The fact, that FC works as a block level filter driver is one of the major advantages. Example: As we know FC works well with encrypting filesystems like Truecrypt or NTFS enryption (EFS). How can FC be aware of a specific file on an encrypted filesystem when the encryption/decryption takes place in an upper level of the operating system and the encrypted filesystem is represented as one large file on the storage?
I´m very happy with the general architecture of FC as it leads to a fast, reliable solution. Everything that would require more checking of the content during operations like "to which file does this block belongs to" would have an impact on the performance.
In addition if FC would know which files is being written, it should be aware of much more as the MBR. And it should know the details not only of NTFS, but also of FAT16/FAT32 and any other filesystem (Truecrypt, EFS, NTFS compression) that might exist on Windows.

Re: [2012-02-27] FancyCache Beta 0.7.2 published

Posted: Tue Mar 20, 2012 6:55 am
by NickJ
Intel SRT's solution to the problem is to not cache large sequential operations which doesn't require file awareness. This would accomplish the same objective as not caching "large files" that are "read only sequentially".

Re: [2012-02-27] FancyCache Beta 0.7.2 published

Posted: Tue Mar 20, 2012 9:40 am
by fsommer1968
Q: How effective is Intels approach in detecting real large files operations belonging to the same file, as a large file is probably fragmented resulting in a couple of larger and smaller sequential operations?

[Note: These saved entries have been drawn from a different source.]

text \<open>Here \<open>a = |g|\<^sup>2\<close>, \<open>b = \<langle>g, x - x\<^sub>*\<rangle>\<close>, \<open>x = |x - x\<^sub>*|\<^sup>2\<close>, and \<open>lower\<close>, \<open>upper\<close>
  are the interpolation constraints between the pairs \<open>(i, *)\<close> and \<open>(*, i)\<close>.\<close>

lemma interpolation_inequalities:
  fixes \<mu> L a b x f :: real
  assumes "0 \<le> \<mu>" "\<mu> < L" "0 \<le> x"
    and cauchy_schwarz: "\<And>c. 0 \<le> a - 2 * c * b + c\<^sup>2 * x"
    and lower: "(a - 2 * \<mu> * b + L * \<mu> * x) / (2 * (L - \<mu>)) \<le> f"
    and upper: "f \<le> - ((a - 2 * L * b + L * \<mu> * x) / (2 * (L - \<mu>)))"
  shows "0 \<le> f" and "f \<le> L / 2 * x" and "a \<le> (L + \<mu>)\<^sup>2 * x"
proof -
  have d: "0 < L - \<mu>" using assms by simp
  have lo: "a - 2 * \<mu> * b + L * \<mu> * x \<le> 2 * (L - \<mu>) * f"
    using lower d by (simp add: divide_simps mult.commute)
  have hi: "2 * (L - \<mu>) * f \<le> 2 * L * b - a - L * \<mu> * x"
    using upper d by (simp add: divide_simps algebra_simps)
  have "\<mu> * (L - \<mu>) * x \<le> 2 * (L - \<mu>) * f"
    using lo cauchy_schwarz[of \<mu>] by (simp add: algebra_simps power2_eq_square)
  moreover have "0 \<le> \<mu> * (L - \<mu>) * x" using assms d by simp
  ultimately have "0 \<le> 2 * (L - \<mu>) * f" by linarith
  then show "0 \<le> f" using d by (simp add: zero_le_mult_iff)
  have "(L - \<mu>) * (2 * f) \<le> (L - \<mu>) * (L * x)"
    using hi cauchy_schwarz[of L] by (simp add: algebra_simps power2_eq_square)
  then show "f \<le> L / 2 * x" using d by simp
  have "0 \<le> L * \<mu> * x" using assms by simp
  then show "a \<le> (L + \<mu>)\<^sup>2 * x"
    using lo hi cauchy_schwarz[of "L + \<mu>"] by (simp add: algebra_simps power2_eq_square)
qed

lemma sdp_feasible_psd: "sdp_feasible \<mu> L R H N G f \<Longrightarrow> psd (N + 2) G"
  by (simp add: sdp_feasible_def)

lemma sdp_feasible_corner: "sdp_feasible \<mu> L R H N G f \<Longrightarrow> G (N + 1) (N + 1) \<le> R\<^sup>2"
  by (simp add: sdp_feasible_def trprod_AR)

lemma sdp_feasible_zero: "sdp_feasible \<mu> L R H N (\<lambda>p q. 0) (\<lambda>i. 0)"
  by (simp add: sdp_feasible_def psd_def symm_def trprod_def fval_def split: option.split)

lemma sdp_feasible_interpolation:
  assumes feas: "sdp_feasible \<mu> L R H N G f" and "0 \<le> \<mu>" "\<mu> < L" and "i \<le> N"
  shows "0 \<le> f i" and "f i \<le> L / 2 * gram_sq (N + 2) G (hvec N H (Some i))"
    and "G i i \<le> (L + \<mu>)\<^sup>2 * gram_sq (N + 2) G (hvec N H (Some i))"
proof -
  let ?u = "uvec (Some i)" and ?h = "hvec N H (Some i)"
  have psd: "psd (N + 2) G" using feas by (rule sdp_feasible_psd)
  then have sym: "symm (N + 2) G" by (simp add: psd_def)
  have idx: "Some i \<in> idx N" "None \<in> idx N" using \<open>i \<le> N\<close> by (auto simp: idx_def)
  have lower: "trprod N G (Amat \<mu> L N H (Some i) None) \<le> f i"
    using feas idx by (force simp: sdp_feasible_def fval_def)
  have upper: "f i \<le> - trprod N G (Amat \<mu> L N H None (Some i))"
    using feas idx by (force simp: sdp_feasible_def fval_def)
  have cauchy_schwarz: "0 \<le> gram_sq (N + 2) G ?u - 2 * c * gram (N + 2) G ?u ?h + c\<^sup>2 * gram_sq (N + 2) G ?h" for c
    using psd_gram_nonneg[OF psd, of "\<lambda>p. 1 * ?u p + (- c) * ?h p"]
    by (simp only: gram_lincomb gram_sym[OF sym, of ?h ?u]) simp
  have "G i i = gram_sq (N + 2) G ?u" using \<open>i \<le> N\<close> by (simp add: uvec_Some gram_indicator)
  then show "0 \<le> f i" "f i \<le> L / 2 * gram_sq (N + 2) G ?h" "G i i \<le> (L + \<mu>)\<^sup>2 * gram_sq (N + 2) G ?h"
    using interpolation_inequalities[OF assms(2,3) psd_gram_nonneg[OF psd] cauchy_schwarz]
      lower upper
    by (simp_all add: trprod_Amat_Some_None[OF sym] trprod_Amat_None_Some[OF sym])
qed

lemma sdp_feasible_gram_hvec_le:
  assumes feas: "sdp_feasible \<mu> L R H N G f" and mu: "0 \<le> \<mu>" "\<mu> < L" and "i \<le> N"
    and prev: "\<And>k. k < i \<Longrightarrow> gram_sq (N + 2) G (hvec N H (Some k)) \<le> M"
  shows "gram_sq (N + 2) G (hvec N H (Some i)) \<le> 2 * R\<^sup>2 + 2 * 2 ^ i * (\<Sum>k<i. (H i k)\<^sup>2 * ((L + \<mu>)\<^sup>2 * M))"
proof -
  have psd: "psd (N + 2) G" using feas by (rule sdp_feasible_psd)
  let ?s = "\<lambda>k p. - H i k * uvec (Some k) p"
  have "gram_sq (N + 2) G (hvec N H (Some i))
      \<le> 2 * gram_sq (N + 2) G (hvec N H (Some 0)) + 2 * gram_sq (N + 2) G (\<lambda>p. \<Sum>k<i. ?s k p)"
    using psd_gram_add_le[OF psd] by (simp add: hvec_Some_decomp[OF \<open>i \<le> N\<close>])
  also have "gram_sq (N + 2) G (hvec N H (Some 0)) \<le> R\<^sup>2"
    using sdp_feasible_corner[OF feas] by (simp add: hvec_Some_0 gram_indicator)
  also have "gram_sq (N + 2) G (\<lambda>p. \<Sum>k<i. ?s k p) \<le> 2 ^ i * (\<Sum>k<i. gram_sq (N + 2) G (?s k))"
    by (rule psd_gram_sum_le[OF psd])
  also have "(\<Sum>k<i. gram_sq (N + 2) G (?s k)) \<le> (\<Sum>k<i. (H i k)\<^sup>2 * ((L + \<mu>)\<^sup>2 * M))"
  proof (rule sum_mono)
    fix k assume "k \<in> {..<i}"
    then have k: "k < i" "k \<le> N" using \<open>i \<le> N\<close> by auto
    have "gram_sq (N + 2) G (uvec (Some k)) = G k k" using k by (simp add: uvec_Some gram_indicator)
    also have "\<dots> \<le> (L + \<mu>)\<^sup>2 * gram_sq (N + 2) G (hvec N H (Some k))"
      by (rule sdp_feasible_interpolation(3)[OF feas mu k(2)])
    also have "\<dots> \<le> (L + \<mu>)\<^sup>2 * M" using prev[OF k(1)] by (simp add: mult_left_mono)
    finally show "gram_sq (N + 2) G (?s k) \<le> (H i k)\<^sup>2 * ((L + \<mu>)\<^sup>2 * M)"
      using gram_sq_scale[of "N + 2" G "- H i k" "uvec (Some k)"] by (simp add: mult_left_mono)
  qed
  finally show ?thesis by (simp add: mult_left_mono)
qed

lemma sdp_feasible_gram_hvec_bounded:
  assumes "0 \<le> \<mu>" "\<mu> < L" "i \<le> N"
  shows "\<exists>M. \<forall>k\<le>i. \<forall>G f. sdp_feasible \<mu> L R H N G f \<longrightarrow> gram_sq (N + 2) G (hvec N H (Some k)) \<le> M"
  using \<open>i \<le> N\<close>
proof (induction i)
  case 0
  have "gram_sq (N + 2) G (hvec N H (Some 0)) \<le> R\<^sup>2" if "sdp_feasible \<mu> L R H N G f" for G f
    using sdp_feasible_corner[OF that] by (simp add: hvec_Some_0 gram_indicator)
  then show ?case by auto
next
  case (Suc i)
  then obtain M where M: "\<And>k G f. k \<le> i \<Longrightarrow> sdp_feasible \<mu> L R H N G f \<Longrightarrow>
      gram_sq (N + 2) G (hvec N H (Some k)) \<le> M"
    by auto
  define M' where "M' = 2 * R\<^sup>2 + 2 * 2 ^ Suc i * (\<Sum>k<Suc i. (H (Suc i) k)\<^sup>2 * ((L + \<mu>)\<^sup>2 * M))"
  have "gram_sq (N + 2) G (hvec N H (Some k)) \<le> max M M'"
    if "k \<le> Suc i" "sdp_feasible \<mu> L R H N G f" for k G f
  proof (cases "k = Suc i")
    case True
    then show ?thesis
      using sdp_feasible_gram_hvec_le[OF that(2) assms(1,2) Suc.prems, of M] M[OF _ that(2)]
      by (simp add: M'_def)
  next
    case False
    then have "k \<le> i" using that(1) by simp
    then show ?thesis using M[OF _ that(2)] by fastforce
  qed
  then show ?case by blast
qed

lemma sdp_feasible_bounded:
  assumes "0 \<le> \<mu>" "\<mu> < L"
  shows "\<exists>B. \<forall>G f. sdp_feasible \<mu> L R H N G f \<longrightarrow>
     (\<forall>p<N + 2. \<forall>q<N + 2. \<bar>G p q\<bar> \<le> B) \<and> (\<forall>i\<le>N. \<bar>f i\<bar> \<le> B)"
proof -
  from sdp_feasible_gram_hvec_bounded[OF assms order_refl]
  obtain M where M: "\<forall>k\<le>N. \<forall>G f. sdp_feasible \<mu> L R H N G f \<longrightarrow>
      gram_sq (N + 2) G (hvec N H (Some k)) \<le> M" ..
  then have M_abs: "gram_sq (N + 2) G (hvec N H (Some k)) \<le> \<bar>M\<bar>"
    if "sdp_feasible \<mu> L R H N G f" "k \<le> N" for G f k
    using that by fastforce
  define B where "B = R\<^sup>2 + (L + \<mu>)\<^sup>2 * \<bar>M\<bar> + L * \<bar>M\<bar>"
  have nonneg: "0 \<le> R\<^sup>2" "0 \<le> (L + \<mu>)\<^sup>2 * \<bar>M\<bar>" "0 \<le> L * \<bar>M\<bar>" using assms by auto
  have diag: "G k k \<le> B" if feas: "sdp_feasible \<mu> L R H N G f" and "k < N + 2" for G f k
  proof (cases "k \<le> N")
    case True
    have "(L + \<mu>)\<^sup>2 * gram_sq (N + 2) G (hvec N H (Some k)) \<le> (L + \<mu>)\<^sup>2 * \<bar>M\<bar>"
      by (rule mult_left_mono[OF M_abs[OF feas True]]) simp
    then show ?thesis
      using sdp_feasible_interpolation(3)[OF feas assms True] nonneg unfolding B_def by linarith
  next
    case False
    then have "G k k \<le> R\<^sup>2" using that sdp_feasible_corner[OF feas] by (simp add: not_le less_Suc_eq)
    then show ?thesis using nonneg unfolding B_def by linarith
  qed
  have entry_bound: "\<bar>G p q\<bar> \<le> B"
    if feas: "sdp_feasible \<mu> L R H N G f" and pq: "p < N + 2" "q < N + 2" for G f p q
    using psd_entry_bound[OF sdp_feasible_psd[OF feas] pq] diag[OF feas pq(1)] diag[OF feas pq(2)]
    by linarith
  have value_bound: "\<bar>f i\<bar> \<le> B" if feas: "sdp_feasible \<mu> L R H N G f" and i: "i \<le> N" for G f i
  proof -
    have "L / 2 * gram_sq (N + 2) G (hvec N H (Some i)) \<le> L / 2 * \<bar>M\<bar>"
      by (rule mult_left_mono[OF M_abs[OF feas i]]) (use assms in simp)
    then show ?thesis
      using sdp_feasible_interpolation(1,2)[OF feas assms i] nonneg unfolding B_def by linarith
  qed
  show ?thesis using entry_bound value_bound by blast
qed

lemma continuous_on_matrix_entry [continuous_intros]:
  "continuous_on S (\<lambda>z :: ('a \<Rightarrow> 'b \<Rightarrow> 'c :: topological_space) \<times> 'd :: topological_space. fst z p q)"
  by (rule continuous_on_product_then_coordinatewise[OF
        continuous_on_product_then_coordinatewise[OF continuous_on_fst[OF continuous_on_id]]])

lemma continuous_on_vector_entry [continuous_intros]:
  "continuous_on S (\<lambda>z :: 'a :: topological_space \<times> ('b \<Rightarrow> 'c :: topological_space). snd z i)"
  by (rule continuous_on_product_then_coordinatewise[OF continuous_on_snd[OF continuous_on_id]])

lemma compact_PiE_UNIV:
  "(\<And>i. compact (S i)) \<Longrightarrow> compact (PiE UNIV S :: ('a \<Rightarrow> 'b :: topological_space) set)"
proof -
  assume "\<And>i. compact (S i)"
  then have "compactin (product_topology (\<lambda>i. euclidean) UNIV) (PiE UNIV S)"
    by (auto simp: compactin_PiE)
  then show ?thesis by (simp add: euclidean_product_topology)
qed

lemma continuous_on_trprod:
  "continuous_on S (\<lambda>z :: (nat \<Rightarrow> nat \<Rightarrow> real) \<times> (nat \<Rightarrow> real). trprod N (fst z) X)"
  unfolding trprod_def by (intro continuous_intros)

lemma closed_sdp_feasible: "closed {z. sdp_feasible \<mu> L R H N (fst z) (snd z)}"
proof -
  have fval: "continuous_on UNIV (\<lambda>z :: (nat \<Rightarrow> nat \<Rightarrow> real) \<times> (nat \<Rightarrow> real). fval (snd z) j)" for j
    by (cases j) (simp_all add: fval_def continuous_intros)
  have "{z. sdp_feasible \<mu> L R H N (fst z) (snd z)} =
      {z. symm (N + 2) (fst z)} \<inter> (\<Inter>x. {z. 0 \<le> (\<Sum>p<N + 2. \<Sum>q<N + 2. x p * fst z p q * x q)})
      \<inter> (\<Inter>i\<in>idx N. \<Inter>j\<in>idx N.
          {z. fval (snd z) j - fval (snd z) i + trprod N (fst z) (Amat \<mu> L N H i j) \<le> 0})
      \<inter> {z. trprod N (fst z) (AR N) \<le> R\<^sup>2}"
    by (auto simp: sdp_feasible_def psd_def)
  moreover have "closed {z :: (nat \<Rightarrow> nat \<Rightarrow> real) \<times> (nat \<Rightarrow> real). symm (N + 2) (fst z)}"
    unfolding symm_def
    by (intro closed_Collect_all closed_Collect_imp closed_Collect_eq) (auto intro!: continuous_intros)
  moreover have "closed {z :: (nat \<Rightarrow> nat \<Rightarrow> real) \<times> (nat \<Rightarrow> real).
      0 \<le> (\<Sum>p<N + 2. \<Sum>q<N + 2. x p * fst z p q * x q)}" for x
    by (intro closed_Collect_le) (auto intro!: continuous_intros)
  moreover have "closed {z :: (nat \<Rightarrow> nat \<Rightarrow> real) \<times> (nat \<Rightarrow> real).
      fval (snd z) j - fval (snd z) i + trprod N (fst z) (Amat \<mu> L N H i j) \<le> 0}" for i j
    by (intro closed_Collect_le continuous_on_add continuous_on_diff fval continuous_on_trprod
        continuous_on_const)
  moreover have "closed {z :: (nat \<Rightarrow> nat \<Rightarrow> real) \<times> (nat \<Rightarrow> real). trprod N (fst z) (AR N) \<le> R\<^sup>2}"
    by (intro closed_Collect_le continuous_on_trprod continuous_on_const)
  ultimately show ?thesis by (auto intro!: closed_Int closed_INT)
qed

Re: [2012-02-27] FancyCache Beta 0.7.2 published

Posted: Sat Mar 24, 2012 3:21 am
by NickJ
Due to Win7 background defragmentation that's not an issue. The last few times I've loaded up the defrag utility I've been at 0% fragmentation.

Re: [2012-02-27] FancyCache Beta 0.7.2 published

Posted: Sun Mar 25, 2012 1:53 pm
by Mradr
I have to agree with fsommer1968, anything under the encrypted filesystem will be seen as one big file. Encrypted filesystem usally takes the whole file(s) and then applies the encryption code across so others can not simply break into it just by knowing one of the file(s) inside.

However, we can do exclude file extensions and folder locations at almost any level allowing little to no slow down. The trick is to find out who requested what and where before being cached would be the only differents... Just saying... I've seen other products do it and it does not slow them down as the cache data was never writen, so the block driver never has to look for it.